## Saved entries

lemma integral_Euler_derivative:
  fixes H G :: "'a::euclidean_space \<Rightarrow> real"
  assumes contH: "continuous_on UNIV H" and contG: "continuous_on UNIV G"
    and suppH: "\<And>x. norm x > R \<Longrightarrow> H x = 0" and suppG: "\<And>x. norm x > R \<Longrightarrow> G x = 0"
    and der: "\<And>x. ((\<lambda>t. H (t *\<^sub>R x)) has_real_derivative G x) (at 1)"
  shows "(\<integral>x. G x \<partial>lborel) = - real DIM('a) * (\<integral>x. H x \<partial>lborel)"
proof -
  define bx where "bx = cbox (- ((2 * \<bar>R\<bar> + 1) *\<^sub>R (\<Sum>Basis::'a))) ((2 * \<bar>R\<bar> + 1) *\<^sub>R \<Sum>Basis)"
  define U where "U = {1/2<..<(2::real)}"
  have U: "open U" "convex U" "1 \<in> U" by (auto simp: U_def)
  define IH where "IH = (\<integral>x. H x \<partial>lborel)"
  have outside_bx: "norm (t *\<^sub>R x) > R" if "t \<in> U" "x \<notin> bx" for t x
    using norm_scaleR_gt_outside_cube[of t x R] that by (simp add: U_def bx_def)
  have intH: "integrable lborel H"
    using integrable_continuous_bounded_support[OF contH suppH] .
  have scaled: "integral bx (\<lambda>x. H (t *\<^sub>R x)) = IH / t ^ DIM('a)" if t: "t \<in> U" for t
  proof -
    have "t > 0" using t by (simp add: U_def)
    then show ?thesis
      using lborel_integral_scaleR[OF _ intH] suppH outside_bx[OF t]
      by (subst integral_eq_lborel_integral_of_support) (auto simp: IH_def)
  qed
  have derH: "((\<lambda>t. H (t *\<^sub>R x)) has_real_derivative G (t *\<^sub>R x) / t) (at t within U)"
    if "t \<in> U" for t x
  proof -
    have t: "t > 0" using that by (simp add: U_def)
    have "((\<lambda>s. H (s *\<^sub>R (t *\<^sub>R x))) \<circ> (\<lambda>s. s / t) has_real_derivative G (t *\<^sub>R x) * (1/t)) (at t)"
      by (rule DERIV_chain) (use der[of "t *\<^sub>R x"] t in \<open>auto intro!: derivative_eq_intros\<close>)
    moreover have "(\<lambda>s. H (s *\<^sub>R (t *\<^sub>R x))) \<circ> (\<lambda>s. s / t) = (\<lambda>s. H (s *\<^sub>R x))"
      using t by (auto simp: fun_eq_iff)
    ultimately show ?thesis by (auto intro: has_field_derivative_at_within)
  qed
  have "continuous_on (U \<times> bx) (\<lambda>(t, x). G (t *\<^sub>R x) / t)"
    by (auto simp: case_prod_unfold U_def intro!: continuous_intros continuous_on_compose2[OF contG])
  then have "((\<lambda>t. integral bx (\<lambda>x. H (t *\<^sub>R x))) has_real_derivative integral bx (\<lambda>x. G (1 *\<^sub>R x) / 1))
          (at 1 within U)"
    unfolding bx_def
    by (intro leibniz_rule_field_derivative[where fx="\<lambda>t x. G (t *\<^sub>R x) / t"])
      (auto intro!: U derH integrable_continuous continuous_intros continuous_on_compose2[OF contH])
  then have "((\<lambda>t. integral bx (\<lambda>x. H (t *\<^sub>R x))) has_real_derivative integral bx G) (at 1)"
    using at_within_open[OF U(3,1)] by simp
  moreover have "((\<lambda>t. integral bx (\<lambda>x. H (t *\<^sub>R x))) has_real_derivative - real DIM('a) * IH) (at 1)"
    by (rule has_field_derivative_transform_within_open[OF _ U(1,3)])
      (auto simp: scaled intro!: derivative_eq_intros)
  ultimately have "integral bx G = - real DIM('a) * IH"
    by (rule DERIV_unique)
  moreover have "integral bx G = (\<integral>x. G x \<partial>lborel)"
    using integrable_continuous_bounded_support[OF contG suppG] suppG outside_bx[OF U(3)]
    by (intro integral_eq_lborel_integral_of_support) auto
  ultimately show ?thesis by (simp add: IH_def)
qed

## WHAT THIS TASK INVOLVES
Transcribe the entries exactly.

## OUTPUT FOR THIS EXERCISE
lemma integral_Euler_derivative:
  fixes H G :: "'a::euclidean_space \<Rightarrow> real"
  assumes contH: "continuous_on UNIV H" and contG: "continuous_on UNIV G"
    and suppH: "\<And>x. norm x > R \<Longrightarrow> H x = 0" and suppG: "\<And>x. norm x > R \<Longrightarrow> G x = 0"
    and der: "\<And>x. ((\<lambda>t. H (t *\<^sub>R x)) has_real_derivative G x) (at 1)"
  shows "(\<integral>x. G x \<partial>lborel) = - real DIM('a) * (\<integral>x. H x \<partial>lborel)"
proof -
  define bx where "bx = cbox (- ((2 * \<bar>R\<bar> + 1) *\<^sub>R (\<Sum>Basis::'a))) ((2 * \<bar>R\<bar> + 1) *\<^sub>R \<Sum>Basis)"
  define U where "U = {1/2<..<(2::real)}"
  have U: "open U" "convex U" "1 \<in> U" by (auto simp: U_def)
  define IH where "IH = (\<integral>x. H x \<partial>lborel)"
  have outside_bx: "norm (t *\<^sub>R x) > R" if "t \<in> U" "x \<notin> bx" for t x
    using norm_scaleR_gt_outside_cube[of t x R] that by (simp add: U_def bx_def)
  have intH: "integrable lborel H"
    using integrable_continuous_bounded_support[OF contH suppH] .
  have scaled: "integral bx (\<lambda>x. H (t *\<^sub>R x)) = IH / t ^ DIM('a)" if t: "t \<in> U" for t
  proof -
    have "t > 0" using t by (simp add: U_def)
    then show ?thesis
      using lborel_integral_scaleR[OF _ intH] suppH outside_bx[OF t]
      by (subst integral_eq_lborel_integral_of_support) (auto simp: IH_def)
  qed
  have derH: "((\<lambda>t. H (t *\<^sub>R x)) has_real_derivative G (t *\<^sub>R x) / t) (at t within U)"
    if "t \<in> U" for t x
  proof -
    have t: "t > 0" using that by (simp add: U_def)
    have "((\<lambda>s. H (s *\<^sub>R (t *\<^sub>R x))) \<circ> (\<lambda>s. s / t) has_real_derivative G (t *\<^sub>R x) * (1/t)) (at t)"
      by (rule DERIV_chain) (use der[of "t *\<^sub>R x"] t in \<open>auto intro!: derivative_eq_intros\<close>)
    moreover have "(\<lambda>s. H (s *\<^sub>R (t *\<^sub>R x))) \<circ> (\<lambda>s. s / t) = (\<lambda>s. H (s *\<^sub>R x))"
      using t by (auto simp: fun_eq_iff)
    ultimately show ?thesis by (auto intro: has_field_derivative_at_within)
  qed
  have "continuous_on (U \<times> bx) (\<lambda>(t, x). G (t *\<^sub>R x) / t)"
    by (auto simp: case_prod_unfold U_def intro!: continuous_intros continuous_on_compose2[OF contG])
  then have "((\<lambda>t. integral bx (\<lambda>x. H (t *\<^sub>R x))) has_real_derivative integral bx (\<lambda>x. G (1 *\<^sub>R x) / 1))
          (at 1 within U)"
    unfolding bx_def
    by (intro leibniz_rule_field_derivative[where fx="\<lambda>t x. G (t *\<^sub>R x) / t"])
      (auto intro!: U derH integrable_continuous continuous_intros continuous_on_compose2[OF contH])
  then have "((\<lambda>t. integral bx (\<lambda>x. H (t *\<^sub>R x))) has_real_derivative integral bx G) (at 1)"
    using at_within_open[OF U(3,1)] by simp
  moreover have "((\<lambda>t. integral bx (\<lambda>x. H (t *\<^sub>R x))) has_real_derivative - real DIM('a) * IH) (at 1)"
    by (rule has_field_derivative_transform_within_open[OF _ U(1,3)])
      (auto simp: scaled intro!: derivative_eq_intros)
  ultimately have "integral bx G = - real DIM('a) * IH"
    by (rule DERIV_unique)
  moreover have "integral bx G = (\<integral>x. G x \<partial>lborel)"
    using integrable_continuous_bounded_support[OF contG suppG] suppG outside_bx[OF U(3)]
    by (intro integral_eq_lborel_integral_of_support) auto
  ultimately show ?thesis by (simp add: IH_def)
qed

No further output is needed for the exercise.